Vous les voyez ces idolâtres, ces fiévreux de l'admiration, ces allumeurs de bougies, ces accrocheurs d'ex-votos ! En ce moment ils sont effondrés devant la grille du château style disneyland du défunt Michael Jackson, le roi de la pop, l'idole, dont la mort "tragique" ( comme si toutes les morts ne l'étaient pas) assure la naissance du mythe. Demain ils inonderont leur mouchoir pour telle ou telle icône provisoire, chassée bientôt des souvenirs embrumés par telle ou telle autre, et si la nature a horreur du vide, de ce vide-là, la presse "pipol" s'en repaît en faisant tintinabuler joyeusement son tiroir-caisse. L'affaire ne date pas d'hier et l'on sait depuis Rudolph Valentino que la mort d'une star peut entraîner une série de suicides. Michael Jackson, au prodigieux talent, est mort d'un mal-être que les paillettes n'arrivaient plus à masquer depuis longtemps et que ses admirateurs tout occupés par leur enthousiasme sans bornes, leur ferveur aveugle et leur fétichisme enfantin ne voulaient pas voir et surtout refusaient de s'en inquiéter.
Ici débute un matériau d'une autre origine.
(* Let $d\ge 2$ and $t\ge 1$ be integers. Let $v_1,\ldots,v_d$ be pairwise different positive real numbers and $\alpha_1,\ldots,\alpha_{t+d-1}$ pairwise different nonnegative integers, and let $V\in\mathbb{R}^{(t+d-1)\times d}$ be the matrix with entries $V_{j,i}=v_i^{\alpha_j}$. Let $n=\binom{t+d-1}{d-1}$ and let $Q\in\mathbb{R}^{n\times d}$ be the matrix whose rows are indexed by the $(d-1)$-element subsets $S\subset\{1,\ldots,t+d-1\}$ and whose columns are indexed by $i\in\{1,\ldots,d\}$, with entry $Q_{S,i}$ equal to the minor of $V$ formed by the rows in $S$ and the columns in $\{1,\ldots,d\}\setminus\{i\}$. Denote the rows of $Q$ by $Q_1,\ldots,Q_n$ and let $x\in\mathbb{R}^d$ be a vector of unknowns. Then $\{(Q_jx)^t\}_{j=1}^n$ is a basis of $\mathrm{Hom}_t(\mathbb{R}^d)$.
   Context: $\mathrm{Hom}_t(\mathbb{R}^d)$ denotes the real vector space of homogeneous polynomials of degree $t$ in $d$ real variables (together with the zero polynomial); its dimension is $\binom{t+d-1}{d-1}$. *)

theory Defs
  imports "HOL-Library.Function_Algebras" "Jordan_Normal_Form.Determinant"
begin

(* Indices are 0-based: variables x 0 .. x (d-1), rows 0..t+d-2 of V. *)

definition fscale :: "real \<Rightarrow> ('a \<Rightarrow> real) \<Rightarrow> ('a \<Rightarrow> real)" where
  "fscale c f = (\<lambda>x. c * f x)"

definition monomial_fun :: "nat \<Rightarrow> (nat \<Rightarrow> nat) \<Rightarrow> (nat \<Rightarrow> real) \<Rightarrow> real" where
  "monomial_fun d a = (\<lambda>x. \<Prod>i<d. x i ^ a i)"

(* Hom_t(R^d): span of all monomials of total degree t in d variables
   (as polynomial functions; R is infinite so this is faithful) *)
definition Hom :: "nat \<Rightarrow> nat \<Rightarrow> ((nat \<Rightarrow> real) \<Rightarrow> real) set" where
  "Hom t d = module.span fscale
      {monomial_fun d a | a. (\<forall>i\<ge>d. a i = 0) \<and> (\<Sum>i<d. a i) = t}"

definition vandermonde :: "(nat \<Rightarrow> real) \<Rightarrow> (nat \<Rightarrow> nat) \<Rightarrow> nat \<Rightarrow> nat \<Rightarrow> real" where
  "vandermonde v \<alpha> j i = v i ^ \<alpha> j"

definition Qentry :: "nat \<Rightarrow> (nat \<Rightarrow> real) \<Rightarrow> (nat \<Rightarrow> nat) \<Rightarrow> nat set \<Rightarrow> nat \<Rightarrow> real" where
  "Qentry d v \<alpha> S i =
     det (mat (d - 1) (d - 1) (\<lambda>(r, c).
        vandermonde v \<alpha> (sorted_list_of_set S ! r) (sorted_list_of_set ({0..<d} - {i}) ! c)))"

definition Qpow :: "nat \<Rightarrow> nat \<Rightarrow> (nat \<Rightarrow> real) \<Rightarrow> (nat \<Rightarrow> nat) \<Rightarrow> nat set \<Rightarrow> (nat \<Rightarrow> real) \<Rightarrow> real" where
  "Qpow t d v \<alpha> S = (\<lambda>x. (\<Sum>i<d. Qentry d v \<alpha> S i * x i) ^ t)"

end

theory Submission
  imports Defs
begin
L'idolâtrie est une perversion de l'estime et l'inconditionnalité une négation de la raison. On peut le déplorer où ricaner devant leurs excès dérisoires. Il vaut mieux essayer de comprendre le phénomène.
En inventant la communication les religions ont drainé jusqu'à elles et canalisé les interrogations métaphysiques, les angoisses ontologiques. C'est une affaire qui marche encore et qui conduit parfois au fanatisme ; avec des hauts et des bas. En ce moment ce serait plutôt des hauts. L'idolâtrie vis à vis des chanteurs, des champions sportifs, des acteurs, est la version profane de la ferveur religieuse. On prend les béquilles que l'on peut. Pour certains c'est la drogue, la cigarette, l'alcool, la goinfrerie, la vitesse, toutes ces choses sans lesquelles paraît-il la vie ne vaut pas le coup d'être vécue, même si elles ont tendance à la raccourcir. Difficile d'être soi et de s'en contenter. Difficile d'exister sans manifestation de détresse, sans appel au secours. Woody Allen disait " il n'y a qu'une chose que je regrette dans ma vie : c'est de ne pas être un autre" Avec Kaka, avec Michael Jackson, avec Madona, on peut être un autre par moment et le partager avec d'autres peu satisfaits deux-mêmes. Ça vaut un comprimé de tranquillisant. La paix de l'âme, l'ataraxie dont parlait Épicure, nécessite un effort sans artifice. "Simplifiez !" écrivait Henri-David Thoreau dans " Walden ou la vie dans les bois" . Rien dans les mains, rien dans les poches, solitaire et silencieux. L'antinomie de la clameur rassurante des stades. Juste le bonheur tranquille d'être. L'époque ne s'y prête pas, le business non plus. C'est pourquoi le combat pour l'éducation et la culture n'a jamais été aussi indispensable.